Coating materials that protect against fire, water or extreme temperatures are nothing new. But an Israeli high-tech paint doesn’t just protect surfaces from the sun. SolCold actually uses the sun’s power to activate a cooling mechanism, effectively providing air conditioning without electricity.
You read that right: This double-layered coating absorbs the hot rays of the sun and re-emits that energy in the form of cold. The hotter the solar radiation the more the coating cools down, making SolCold’s paint a potentially game-changing electricity-free solution for intensely sunny climates such as Africa and Central and South America.
The Herzliya-based startup is raising funds and plans to begin trials within 18 months of closing the Series A round in the first quarter of 2018. Two commercial and one residential building in Israel and Cyprus are waiting to get the trial SolCold treatment.
Meanwhile, SolCold cofounder Gadi Grottas tells ISRAEL21c that the company has received hundreds of inquiries regarding orders and distribution rights — which he estimates to be worth around $100 million — from places including Africa, Australia, Brazil, Bolivia, Chile, China, France, India, Italy, Japan, Kuwait, Mexico, Philippines, Turkey and the United States.
SolCold’s product is generating interest for coating anything from chicken coops to cargo ships, malls to stadiums, cars to planes, satellites to hothouses, military equipment to apartment houses.
How did such an early-stage company get so much attention already?
Its first exposure came in June 2016, when SolCold was one of six Israeli companies handpicked by the US State Department and White House to take part in the Global Entrepreneurship Summit in California.
And then, in October 2017, SolCold was a finalist in the deep tech competition at the Hello Tomorrow Summit in Paris.
“We were in stealth mode until July 2017 but as soon as we got a little publicity, people contacted us by the hundreds, wanting to distribute the product,” Grottas tells ISRAEL21c.
The “anti-stokes fluorescence” technology behind SolCold was invented by electrical engineer Yaron Shenhav, who became cofounder and CEO of SolCold. The IP is owned by the company.
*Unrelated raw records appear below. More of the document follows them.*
lemma gen_map_add: "gen_map ts (v + w) = gen_map ts v + gen_map ts w"
  by (simp add: gen_map_def act_AF_add_x sum.distrib)
lemma gen_map_neg: "gen_map ts (- v) = - gen_map ts v"
  by (simp add: gen_map_def act_AF_minus_x sum_negf)
lemma gen_map_diff: "gen_map ts (v - w) = gen_map ts v - gen_map ts w"
  by (simp add: gen_map_def act_AF_diff_x sum_subtractf)
lemma gen_map_zero: "gen_map ts 0 = 0"
  by (simp add: gen_map_def)
lemma gen_map_vsmult: "gen_map ts (vsmult x v) = act_AF x (gen_map ts v)"
  by (simp add: gen_map_def vsmult_apply act_AF_tmult act_AF_sum_v)
lemma gen_map_vec_rel: "v \<in> vec_rel alg \<Longrightarrow> gen_map ts v = 0"
  by (simp add: gen_map_def vec_rel_def act_AF_bc_rel)

lemma gen_map_unit:
  assumes "i < length ts"
  shows "gen_map ts (\<lambda>j. if j = i then tunit else 0) = embed (ts ! i)"
proof -
  have "gen_map ts (\<lambda>j. if j = i then tunit else 0)
      = (\<Sum>j<length ts. if j = i then act_AF tunit (embed (ts ! j)) else 0)"
    unfolding gen_map_def by (intro sum.cong) auto
  then show ?thesis using assms by (simp add: act_AF_one)
qed

lemma embed_A_span_in_image:
  "n \<in> A_span na (set ts) \<Longrightarrow> \<exists>v\<in>fvec (length ts). gen_map ts v = embed n"
proof (induction rule: A_span.induct)
  case (sp_gen t)
  then obtain i where "i < length ts" "t = ts ! i" by (auto simp: in_set_conv_nth)
  moreover have "(\<lambda>j. if j = i then tunit else 0) \<in> fvec (length ts)" if "i < length ts"
    using that by (auto simp: fvec_def)
  ultimately show ?case using gen_map_unit by metis
next
  case sp_zero
  show ?case using fvec_zero gen_map_zero by (metis embed_zero)
next
  case (sp_add x y)
  then show ?case using fvec_add by (metis gen_map_add embed_add)
next
  case (sp_act x a)
  then show ?case using fvec_vsmult by (metis gen_map_vsmult act_AF_A act_embed)
qed

lemma saturation_retraction:
  fixes ts :: "'n list"
  assumes ss: "base_change_semisimple alg" and sub: "left_submodule na N1"
  defines "g \<equiv> gen_map ts" and "k \<equiv> length ts"
  obtains \<pi> where
    "\<And>v. v \<in> fvec k \<Longrightarrow> \<pi> (g v) \<in> saturation N1"
    "\<And>v. v \<in> fvec k \<Longrightarrow> g v \<in> saturation N1 \<Longrightarrow> \<pi> (g v) = g v"
    "\<And>v w. v \<in> fvec k \<Longrightarrow> w \<in> fvec k \<Longrightarrow> \<pi> (g v + g w) = \<pi> (g v) + \<pi> (g w)"
    "\<And>x v. v \<in> fvec k \<Longrightarrow> \<pi> (act_AF x (g v)) = act_AF x (\<pi> (g v))"
proof -
  define W where "W = {v \<in> fvec k. g v \<in> saturation N1}"
  have "vec_submodule W"
    unfolding vec_submodule_def W_def g_def
    using fvec_add fvec_minus fvec_vsmult gen_map_add gen_map_neg gen_map_vsmult
      saturation_add[OF sub] saturation_neg[OF sub] saturation_act_AF[OF sub] by auto
  moreover have "fvec k \<inter> vec_rel alg \<subseteq> W"
    unfolding W_def g_def using gen_map_vec_rel saturation_zero[OF sub] by auto
  ultimately obtain q where qW: "\<And>v. v \<in> fvec k \<Longrightarrow> q v \<in> W"
    and qrel: "\<And>w. w \<in> W \<Longrightarrow> w - q w \<in> vec_rel alg" and qlin: "vec_linear k q"
    using semisimple_vec_retraction[OF ss cen, of W k] unfolding W_def by blast
  have qadd: "q (v + w) = q v + q w" if "v \<in> fvec k" "w \<in> fvec k" for v w
    using qlin that unfolding vec_linear_def by blast
  have gq: "g (q w) = g w" if "w \<in> W" for w
    using gen_map_vec_rel[OF qrel[OF that]] by (simp add: g_def gen_map_diff)
  (* \<pi> is well defined on the image of g since q preserves the kernel of g *)
  define \<pi> where "\<pi> m = g (q (SOME v. v \<in> fvec k \<and> g v = m))" for m
  have \<pi>_g: "\<pi> (g v) = g (q v)" if v: "v \<in> fvec k" for v
  proof -
    define v' where "v' = (SOME v'. v' \<in> fvec k \<and> g v' = g v)"
    have v': "v' \<in> fvec k" "g v' = g v"
      unfolding v'_def by (rule someI2[of _ v], use v in auto)+
    have "g (v' - v) = 0" using v' by (simp add: g_def gen_map_diff)
    then have "v' - v \<in> W" unfolding W_def using fvec_diff[OF v'(1) v] saturation_zero[OF sub] by simp
    then have "g (q (v' - v)) = 0" using gq \<open>g (v' - v) = 0\<close> by simp
    moreover have "q v' = q (v' - v) + q v" using qadd[OF fvec_diff[OF v'(1) v] v] by simp
    ultimately show ?thesis unfolding \<pi>_def v'_def[symmetric] by (simp add: g_def gen_map_add)
  qed
  show ?thesis
  proof
    show "\<pi> (g v) \<in> saturation N1" if "v \<in> fvec k" for v
      using \<pi>_g[OF that] qW[OF that] W_def by auto
    show "\<pi> (g v) = g v" if "v \<in> fvec k" "g v \<in> saturation N1" for v
      using \<pi>_g[OF that(1)] gq[of v] that W_def by auto
    show "\<pi> (g v + g w) = \<pi> (g v) + \<pi> (g w)" if "v \<in> fvec k" "w \<in> fvec k" for v w
      using \<pi>_g[OF fvec_add[OF that]] \<pi>_g[OF that(1)] \<pi>_g[OF that(2)] qadd[OF that]
      by (simp add: g_def gen_map_add)
    show "\<pi> (act_AF x (g v)) = act_AF x (\<pi> (g v))" if "v \<in> fvec k" for x v
      using \<pi>_g[OF fvec_vsmult[OF that]] \<pi>_g[OF that] qlin that unfolding vec_linear_def
      by (simp add: g_def gen_map_vsmult)
  qed
qed

lemma clear_denominators:
  assumes sub: "left_submodule na N1" and T: "finite T"
    and add: "\<And>x y. x \<in> A_span na T \<Longrightarrow> y \<in> A_span na T \<Longrightarrow> \<psi> (x + y) = \<psi> x + \<psi> y"
    and lin: "\<And>a x. x \<in> A_span na T \<Longrightarrow> \<psi> (na a x) = act a (\<psi> x)"
    and gen: "\<And>t. t \<in> T \<Longrightarrow> \<psi> t \<in> saturation N1"
  obtains r where "r \<noteq> 0" "\<And>n. n \<in> A_span na T \<Longrightarrow> \<exists>m\<in>N1. scl (Fract r 1) (\<psi> n) = embed m"
proof -
  obtain r where r: "r \<noteq> 0" and rT: "\<forall>v\<in>\<psi> ` T. \<exists>m\<in>N1. scl (Fract r 1) v = embed m"
    using saturation_common[OF sub, of "\<psi> ` T"] T gen by blast
  have "\<exists>m\<in>N1. scl (Fract r 1) (\<psi> n) = embed m" if "n \<in> A_span na T" for n
    using that
  proof (induction rule: A_span.induct)
    case (sp_gen t)
    then show ?case using rT by blast
  next
    case sp_zero
    have "\<psi> 0 = 0" using add[OF A_span.sp_zero A_span.sp_zero] by simp
    then show ?case using N1_zero[OF sub] by (metis embed_zero scl_zero)
  next
    case (sp_add x y)
    then obtain m m' where "m \<in> N1" "scl (Fract r 1) (\<psi> x) = embed m"
      "m' \<in> N1" "scl (Fract r 1) (\<psi> y) = embed m'" by blast
    then show ?case
      using add[OF sp_add.hyps] N1_add[OF sub] by (metis embed_add scl_add)
  next
    case (sp_act x a)
    then obtain m where "m \<in> N1" "scl (Fract r 1) (\<psi> x) = embed m" by blast
    then show ?case
      using lin[OF sp_act.hyps] N1_act[OF sub] by (metis act_embed act_scl)
  qed
  with r that show ?thesis by blast
qed

lemma scaled_retraction:
  assumes ss: "base_change_semisimple alg" and sub: "left_submodule na N1"
  obtains r \<phi> where "r \<noteq> 0" "\<And>n. n \<in> A_span na (set ts) \<Longrightarrow> \<phi> n \<in> N1"
    "\<And>n n'. n \<in> A_span na (set ts) \<Longrightarrow> n' \<in> A_span na (set ts) \<Longrightarrow> \<phi> (n + n') = \<phi> n + \<phi> n'"
    "\<And>a n. n \<in> A_span na (set ts) \<Longrightarrow> \<phi> (na a n) = na a (\<phi> n)"
    "\<And>n. n \<in> N1 \<inter> A_span na (set ts) \<Longrightarrow> \<phi> n = na (alg r) n"
proof -
  let ?S = "A_span na (set ts)"
  obtain \<pi> where \<pi>_sat: "\<And>v. v \<in> fvec (length ts) \<Longrightarrow> \<pi> (gen_map ts v) \<in> saturation N1"
    and \<pi>_fix: "\<And>v. v \<in> fvec (length ts) \<Longrightarrow> gen_map ts v \<in> saturation N1 \<Longrightarrow> \<pi> (gen_map ts v) = gen_map ts v"
    and \<pi>_add: "\<And>v w. v \<in> fvec (length ts) \<Longrightarrow> w \<in> fvec (length ts)
                 \<Longrightarrow> \<pi> (gen_map ts v + gen_map ts w) = \<pi> (gen_map ts v) + \<pi> (gen_map ts w)"
    and \<pi>_lin: "\<And>x v. v \<in> fvec (length ts) \<Longrightarrow> \<pi> (act_AF x (gen_map ts v)) = act_AF x (\<pi> (gen_map ts v))"
    using saturation_retraction[OF ss sub] by blast
  define \<psi> where "\<psi> n = \<pi> (embed n)" for n
  have \<psi>_add: "\<psi> (x + y) = \<psi> x + \<psi> y" if "x \<in> ?S" "y \<in> ?S" for x y
    using embed_A_span_in_image[OF that(1)] embed_A_span_in_image[OF that(2)] \<pi>_add
    unfolding \<psi>_def by (metis embed_add)
  have \<psi>_lin: "\<psi> (na a x) = act a (\<psi> x)" if "x \<in> ?S" for a x
    using embed_A_span_in_image[OF that] \<pi>_lin[of _ "Poly_Mapping.single (a, 1) 1"]
    unfolding \<psi>_def by (metis act_AF_A act_embed)
  have "\<psi> t \<in> saturation N1" if "t \<in> set ts" for t
    using embed_A_span_in_image[OF A_span.sp_gen[OF that]] \<pi>_sat unfolding \<psi>_def by metis
  then obtain r where r: "r \<noteq> 0" and rS: "\<And>n. n \<in> ?S \<Longrightarrow> \<exists>m\<in>N1. scl (Fract r 1) (\<psi> n) = embed m"
    using clear_denominators[OF sub finite_set \<psi>_add \<psi>_lin] by blast
  define \<phi> where "\<phi> n = (SOME m. m \<in> N1 \<and> scl (Fract r 1) (\<psi> n) = embed m)" for n
  have \<phi>: "\<phi> n \<in> N1" "embed (\<phi> n) = scl (Fract r 1) (\<psi> n)" if "n \<in> ?S" for n
    using someI_ex[OF rS[OF that, unfolded Bex_def]] unfolding \<phi>_def by auto
  show ?thesis
  proof
    show "\<phi> (n + n') = \<phi> n + \<phi> n'" if "n \<in> ?S" "n' \<in> ?S" for n n'
      using \<phi>(2)[OF A_span.sp_add[OF that]] \<phi>(2)[OF that(1)] \<phi>(2)[OF that(2)] \<psi>_add[OF that]
      by (intro embed_inj) (simp add: embed_add scl_add)
    show "\<phi> (na a n) = na a (\<phi> n)" if "n \<in> ?S" for a n
    proof (rule embed_inj)
      have "embed (\<phi> (na a n)) = scl (Fract r 1) (act a (\<psi> n))"
        using \<phi>(2)[OF A_span.sp_act[OF that]] \<psi>_lin[OF that] by simp
      also have "\<dots> = embed (na a (\<phi> n))"
        using \<phi>(2)[OF that] by (simp add: act_scl flip: act_embed)
      finally show "embed (\<phi> (na a n)) = embed (na a (\<phi> n))" .
    qed
    show "\<phi> n = na (alg r) n" if n: "n \<in> N1 \<inter> ?S" for n
    proof -
      obtain v where v: "v \<in> fvec (length ts)" "gen_map ts v = embed n"
        using embed_A_span_in_image n by blast
      have "\<psi> n = embed n" using \<pi>_fix[OF v(1)] v(2) saturation_embed[OF sub] n unfolding \<psi>_def by auto
      then show ?thesis using \<phi>(2) n by (intro embed_inj) (simp add: embed_scal)
    qed
  qed (use r \<phi>(1) in auto)
qed

end


section \<open>Relations over N2 supported on N1 are relations over N1\<close>

lemma tens_rel_finite_support:
  "x \<in> tens_rel pa na UNIV \<Longrightarrow> \<exists>T. finite T \<and> x \<in> tens_rel pa na (A_span na T)"
proof (induction rule: tens_rel.induct)
  case (rel_add_l n p p')
  then show ?case by (intro exI[of _ "{n}"]) (auto intro: tens_rel.intros A_span.intros)
next
  case (rel_add_r n n' p)
  then show ?case by (intro exI[of _ "{n, n'}"]) (auto intro!: tens_rel.intros A_span.intros)
next
  case (rel_bal n p b)
  then show ?case by (intro exI[of _ "{n}"]) (auto intro: tens_rel.intros A_span.intros)
next
  case rel_zero
  then show ?case by (auto intro: tens_rel.intros)
next
  case (rel_plus x y)
  then obtain T T' where "finite T" "x \<in> tens_rel pa na (A_span na T)"
    and "finite T'" "y \<in> tens_rel pa na (A_span na T')" by blast
  then have "x \<in> tens_rel pa na (A_span na (T \<union> T'))" "y \<in> tens_rel pa na (A_span na (T \<union> T'))"
    by (meson Un_upper1 Un_upper2 A_span_mono subsetI tens_rel_mono)+
  then show ?case using \<open>finite T\<close> \<open>finite T'\<close> by (intro exI[of _ "T \<union> T'"]) (auto intro: tens_rel.intros)
next
  case (rel_neg x)
  then show ?case by (auto intro: tens_rel.intros)
qed

lemma tens_rel_pushfwd:
  assumes "x \<in> tens_rel pa na N" and "\<And>n. n \<in> N \<Longrightarrow> \<phi> n \<in> N1"
    and "\<And>n n'. n \<in> N \<Longrightarrow> n' \<in> N \<Longrightarrow> \<phi> (n + n') = \<phi> n + \<phi> n'"
    and "\<And>a n. n \<in> N \<Longrightarrow> \<phi> (na a n) = na a (\<phi> n)"
  shows "pushfwd (\<lambda>k. (fst k, \<phi> (snd k))) x \<in> tens_rel pa na N1"
  using assms(1)
proof (induction rule: tens_rel.induct)
  case (rel_add_l n p p')
  then show ?case using assms(2) by (simp add: pushfwd_diff pushfwd_single tens_rel.rel_add_l)
next
  case (rel_add_r n n' p)
  then show ?case using assms(2,3) by (simp add: pushfwd_diff pushfwd_single tens_rel.rel_add_r)
next
  case (rel_bal n p b)
  then show ?case using assms(2,4) by (simp add: pushfwd_diff pushfwd_single tens_rel.rel_bal)
next
  case rel_zero
  then show ?case by (simp add: tens_rel.rel_zero)
next
  case (rel_plus x y)
  then show ?case by (simp add: pushfwd_add tens_rel.rel_plus)
next
  case (rel_neg x)
  then show ?case by (simp add: pushfwd_minus tens_rel.rel_neg)
qed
“We are not afraid someone will copy us,” says Grottas, “because the technology is very complicated and not familiar to too many people. We gathered a unique combination of knowledge in the worlds of thermodynamics, nanotechnology and quantum physics and have been working on it for the past four years. We have also registered a PCT patent, which is pending before being published.”
Grottas expects the product to be affordable and to offer a fairly quick return on investment. He explains that the materials used in the coating all exist in the market, are 100 percent “green” and free of carbon emissions, and are activated by free energy from the sun.
When tested in a lab using a sun simulator, SolCold’s double-layered coating cooled an object by 1.2 degrees Celsius (2.2 degrees Fahrenheit) using the equivalent of only 1% of the sun’s energy.
“The paint could decrease electricity consumption by up to 60 percent and is expected to last for 10 to 15 years before needing a new coat,” says Grottas.
At this experimental phase, SolCold’s paint is light blue although additional colors are planned especially in response to inquiries from automakers, says Grottas, who recently was interviewed in South Africa.
One of the main customers for the cooling coating may be egg farms, because hot weather stresses laying hens and greatly reduces their productivity.
But Shenhav envisions entire cities in hot climates using SolCold to coat residential and commercial buildings, which would consume less energy and therefore reduce greenhouse gas emissions into the atmosphere.
“Our technology can cool anything under the sun,” he said.